Step 2: Enable Security Lake in the delegated admin account, then onboard member accounts

The following Terraform snippet creates Security Lake in the delegated admin account with reasonable source selection and a retention lifecycle:

resource "aws_securitylake_aws_log_source" "org_sources" {
  source {
    accounts    = []  # empty = all org accounts
    regions     = ["us-east-1", "us-west-2", "eu-west-1"]
    source_name = "CLOUD_TRAIL_MGMT"
    source_version = "2"
  }
}

resource "aws_securitylake_aws_log_source" "vpc_flow" {
  source {
    accounts    = []
    regions     = ["us-east-1", "us-west-2", "eu-west-1"]
    source_name = "VPC_FLOW"
    source_version = "2"
  }
}

resource "aws_securitylake_aws_log_source" "security_hub" {
  source {
    accounts    = []
    regions     = ["us-east-1"]  # Security Hub aggregation region only
    source_name = "SH_FINDINGS"
    source_version = "2"
  }
}

resource "aws_securitylake_aws_log_source" "route53" {
  source {
    accounts    = []
    regions     = ["us-east-1", "us-west-2"]
    source_name = "ROUTE53"
    source_version = "2"
  }
}

resource "aws_securitylake_data_lake" "primary" {
  meta_store_manager_role_arn = aws_iam_role.securitylake_meta.arn

  configuration {
    region = "us-east-1"

    lifecycle_configuration {
      # Hot tier: 90 days in Standard
      expiration { days = 365 }

      transitions {
        days          = 90
        storage_class = "INTELLIGENT_TIERING"
      }
    }

    replication_configuration {
      regions  = ["us-west-2"]  # DR replica
      role_arn = aws_iam_role.securitylake_replication.arn
    }

    encryption_configuration {
      kms_key_id = aws_kms_key.security_lake.arn
    }
  }
}

Step 3: Onboard member accounts via Organizations

aws securitylake create-aws-log-source \
  --sources '[{"accounts":[],"regions":["us-east-1","us-west-2"],"sourceName":"CLOUD_TRAIL_MGMT","sourceVersion":"2"}]'

Security Lake automatically creates an S3 bucket in the delegated admin account with the path structure:

s3://aws-security-data-lake-{region}-{accountId}/
  aws/AMAZON_SECURITY_LAKE_OCSF_1_0/
    region={region}/
      accountId={accountId}/
        eventDay={YYYY-MM-DD}/
          source_location_uri={sourceType}/
            *.parquet

Querying Security Lake with Athena

Security Lake automatically creates Glue tables for each source. The table names follow the pattern amazon_security_lake_glue_db_{region}.amazon_security_lake_table_{region}_{source}.

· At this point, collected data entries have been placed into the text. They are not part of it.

definition k_geodesic ::
  "('e \<Rightarrow> 'v set) \<Rightarrow> ('e \<Rightarrow> real) \<Rightarrow> nat \<Rightarrow> 'v set \<Rightarrow> 'e set \<Rightarrow> 'v set \<Rightarrow> 'e set \<Rightarrow> bool" where
  "k_geodesic inc l k VH EH VG EG \<longleftrightarrow>
     (\<forall>A. A \<subseteq> VH \<and> card A \<le> k \<longrightarrow> sd inc l VH EH A = sd inc l VG EG A)"

definition shortcut_tree ::
  "('e \<Rightarrow> 'v set) \<Rightarrow> ('e \<Rightarrow> real) \<Rightarrow> 'v set \<Rightarrow> 'e set \<Rightarrow> 'v set \<Rightarrow> 'e set \<Rightarrow> bool" where
  "shortcut_tree inc l VT ET VH EH \<longleftrightarrow>
     is_tree inc VT ET \<and>
     VT \<inter> VH = leaves inc VT ET \<and>
     ET \<inter> EH = {} \<and>
     ereal (glen l ET) < sd inc l VH EH (leaves inc VT ET) \<and>
     (\<forall>B. B \<subset> leaves inc VT ET \<longrightarrow> sd inc l VH EH B \<le> sd inc l VT ET B)"

end

theory Submission
  imports Defs
begin

text \<open>Among all connected subgraphs T of G that connect some set A of at most k vertices of H
more cheaply than H does, choose one with the fewest vertices plus edges. Minimality says that
every proper connected subgraph of T spanning a set A' of at most k vertices of H costs at least
the Steiner distance of A' in H. Deleting a non-bridge edge or a leaf outside A would give a
cheaper connector of A, so T is a tree whose leaves lie in A. If a vertex v of T that lies in H
had degree 0 or at least 2, splitting T at v into two proper subtrees and joining the two cheap
Steiner trees in H through v would connect A in H within the length of T; an edge of T that lies
in H would force T to be that single edge. Hence V(T) \<inter> V(H) = A = L(T), and (SCT4) follows by
applying minimality to an optimal Steiner tree of a proper subset of L(T) inside T, which is
proper because a leaf can be cut off.\<close>

abbreviation reach :: "('e \<Rightarrow> 'v set) \<Rightarrow> 'e set \<Rightarrow> 'v \<Rightarrow> 'v \<Rightarrow> bool" where
  "reach inc E \<equiv> (adj inc E)\<^sup>*\<^sup>*"
definition classG :: "(real^'k \<Rightarrow> ereal) \<Rightarrow> bool" where
  "classG f \<longleftrightarrow> proper_concave_fun f \<and> concave_efun f \<and> usc_efun f \<and> bounded_superlevel f
     \<and> edom f \<subseteq> {x. \<forall>j. 0 \<le> x $ j} \<and> f 0 = 0"

definition Pstar :: "nat \<Rightarrow> (nat \<Rightarrow> real^'k \<Rightarrow> ereal) \<Rightarrow> (nat \<Rightarrow> real^'k^'m) \<Rightarrow> real^'m \<Rightarrow> ereal" where
  "Pstar n f A b = Sup {(\<Sum>t\<in>{1..n}. f t (x t)) | x :: nat \<Rightarrow> real^'k.
      \<forall>i. (\<Sum>t\<in>{1..n}. A t *v x t) $ i \<le> b $ i}"

definition theta :: "real \<Rightarrow> nat \<Rightarrow> real" where
  "theta \<epsilon> h = 2 powr (- (real h + 1) / 2) * sqrt \<epsilon>"

text \<open>P_h for a permutation sigma; the number of terms is 2^h n epsilon (an integer).\<close>
definition Ph :: "real \<Rightarrow> nat \<Rightarrow> nat \<Rightarrow> (nat \<Rightarrow> real^'k \<Rightarrow> ereal) \<Rightarrow> (nat \<Rightarrow> real^'k^'m)
      \<Rightarrow> real^'m \<Rightarrow> (nat \<Rightarrow> nat) \<Rightarrow> ereal" where
  "Ph \<epsilon> h n f A b \<sigma> =
    (let N = nat \<lfloor>2 ^ h * real n * \<epsilon>\<rfloor>; \<theta> = theta \<epsilon> h in
     Sup {ereal (1 / (2 ^ h * \<epsilon> * (1 - \<theta>))) * (\<Sum>t\<in>{1..N}. f (\<sigma> t) (x t)) | x :: nat \<Rightarrow> real^'k.
       \<forall>i. (1 / (2 ^ h * \<epsilon> * (1 + \<theta>))) * (\<Sum>t\<in>{1..N}. A (\<sigma> t) *v x t) $ i \<le> b $ i})"

end

theory Submission
  imports Defs
begin

text \<open>By Lagrangian duality, with the zero allocation as a Slater point (\<open>b\<close> is strictly
  positive), there are a multiplier \<open>p \<ge> 0\<close> and prices \<open>c\<^sub>t \<in> [0, \<gamma> P*]\<close> with
  \<open>f\<^sub>t y \<le> c\<^sub>t + p \<bullet> A\<^sub>t y\<close> and \<open>\<Sum> c\<^sub>t + p \<bullet> b \<le> P*\<close>. Hence \<open>P\<^sub>h\<close> is bounded by an affine
  function of the sample sum \<open>\<Sum>\<^bsub>t \<le> N\<^esub> c\<^bsub>\<sigma> t\<^esub>\<close>, and \<open>P\<^sub>h > (1 + 2\<theta>)/(1 - \<theta>) P*\<close> forces this
  sum to exceed its mean \<open>2\<^sup>h \<epsilon> \<Sum> c\<^sub>t\<close> by \<open>2\<^sup>h \<epsilon> \<theta> P*\<close>. A Chernoff bound for sampling
  without replacement, whose moment generating function is dominated by that of sampling with
  replacement by Maclaurin's inequality, makes this event have probability at most
  \<open>exp (- 2\<^sup>h \<epsilon> \<theta>\<^sup>2 / (3 \<gamma>)) = exp (- \<epsilon>\<^sup>2 / (6 \<gamma>))\<close>.\<close>

section \<open>Maclaurin's inequality\<close>

lemma power_Suc_tangent_le:
  fixes r e :: real
  assumes "0 \<le> r" "0 \<le> r + e"
  shows "r ^ Suc k + real (Suc k) * r ^ k * e \<le> (r + e) ^ Suc k"
proof (induction k)
  case 0
  then show ?case by simp
next
  case (Suc k)
  have "(r + e) * (r ^ Suc k + real (Suc k) * r ^ k * e)
      = r ^ Suc (Suc k) + real (Suc (Suc k)) * r ^ Suc k * e + real (Suc k) * r ^ k * e\<^sup>2"
    by (simp add: algebra_simps power2_eq_square)
  then have "r ^ Suc (Suc k) + real (Suc (Suc k)) * r ^ Suc k * e
      \<le> (r + e) * (r ^ Suc k + real (Suc k) * r ^ k * e)"
    using assms(1) by simp
  also have "\<dots> \<le> (r + e) * (r + e) ^ Suc k"
    using Suc assms(2) by (simp add: mult_left_mono)
  finally show ?case by simp
qed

Query 1: All cross-account IAM role assumptions in the last 7 days

SELECT
  time,
  actor.user.uid        AS source_principal,
  actor.session.issuer  AS source_role,
  dst_endpoint.uid      AS target_role_arn,
  src_endpoint.ip       AS source_ip,
  cloud.account.uid     AS source_account,
  SPLIT_PART(dst_endpoint.uid, '::', 2) AS target_account
FROM amazon_security_lake_glue_db_us_east_1.amazon_security_lake_table_us_east_1_cloud_trail_mgmt_2_0
WHERE
  class_name = 'Account Change'
  AND activity_name = 'Assume'
  AND eventday >= DATE_FORMAT(DATE_ADD('day', -7, CURRENT_DATE), '%Y%m%d')
  AND cloud.account.uid <> SPLIT_PART(dst_endpoint.uid, '::', 2)  -- cross-account only
ORDER BY time DESC
LIMIT 1000;

Query 2: IP addresses with more than 100 failed authentication attempts (VPC Flow + Route53 correlation)

WITH failed_flows AS (
  SELECT
    src_endpoint.ip AS src_ip,
    COUNT(*) AS flow_count
  FROM amazon_security_lake_glue_db_us_east_1.amazon_security_lake_table_us_east_1_vpc_flow_2_0
  WHERE
    disposition = 'Blocked'
    AND eventday >= DATE_FORMAT(DATE_ADD('day', -1, CURRENT_DATE), '%Y%m%d')
  GROUP BY src_endpoint.ip
  HAVING COUNT(*) > 100
),
dns_queries AS (
  SELECT
    src_endpoint.ip AS src_ip,
    COUNT(*) AS query_count,
    ARRAY_AGG(DISTINCT query.hostname) AS queried_domains
  FROM amazon_security_lake_glue_db_us_east_1.amazon_security_lake_table_us_east_1_route53_2_0
  WHERE eventday >= DATE_FORMAT(DATE_ADD('day', -1, CURRENT_DATE), '%Y%m%d')
  GROUP BY src_endpoint.ip
)
SELECT
  f.src_ip,
  f.flow_count     AS blocked_flows,
  d.query_count    AS dns_queries,
  d.queried_domains
FROM failed_flows f
LEFT JOIN dns_queries d ON f.src_ip = d.src_ip
ORDER BY f.flow_count DESC;

Query 3: All S3 data events on a specific bucket (last 24 hours)

SELECT
  time,
  actor.user.uid       AS principal,
  actor.session.issuer AS assumed_role,
  api.operation        AS operation,
  api.request.uid      AS request_id,
  src_endpoint.ip      AS source_ip,
  cloud.account.uid    AS account_id
FROM amazon_security_lake_glue_db_us_east_1.amazon_security_lake_table_us_east_1_cloud_trail_mgmt_2_0
WHERE
  class_name IN ('API Activity')
  AND api.service.name = 's3.amazonaws.com'
  AND resources[1].uid LIKE '%arn:aws:s3:::my-sensitive-bucket%'
  AND eventday = DATE_FORMAT(CURRENT_DATE, '%Y%m%d')
ORDER BY time DESC;

These queries return results in seconds to minutes depending on the date range and data volume. For repeated threat hunting queries, you can save them as Athena named queries and invoke them from Lambda or Step Functions as part of an automated investigation workflow.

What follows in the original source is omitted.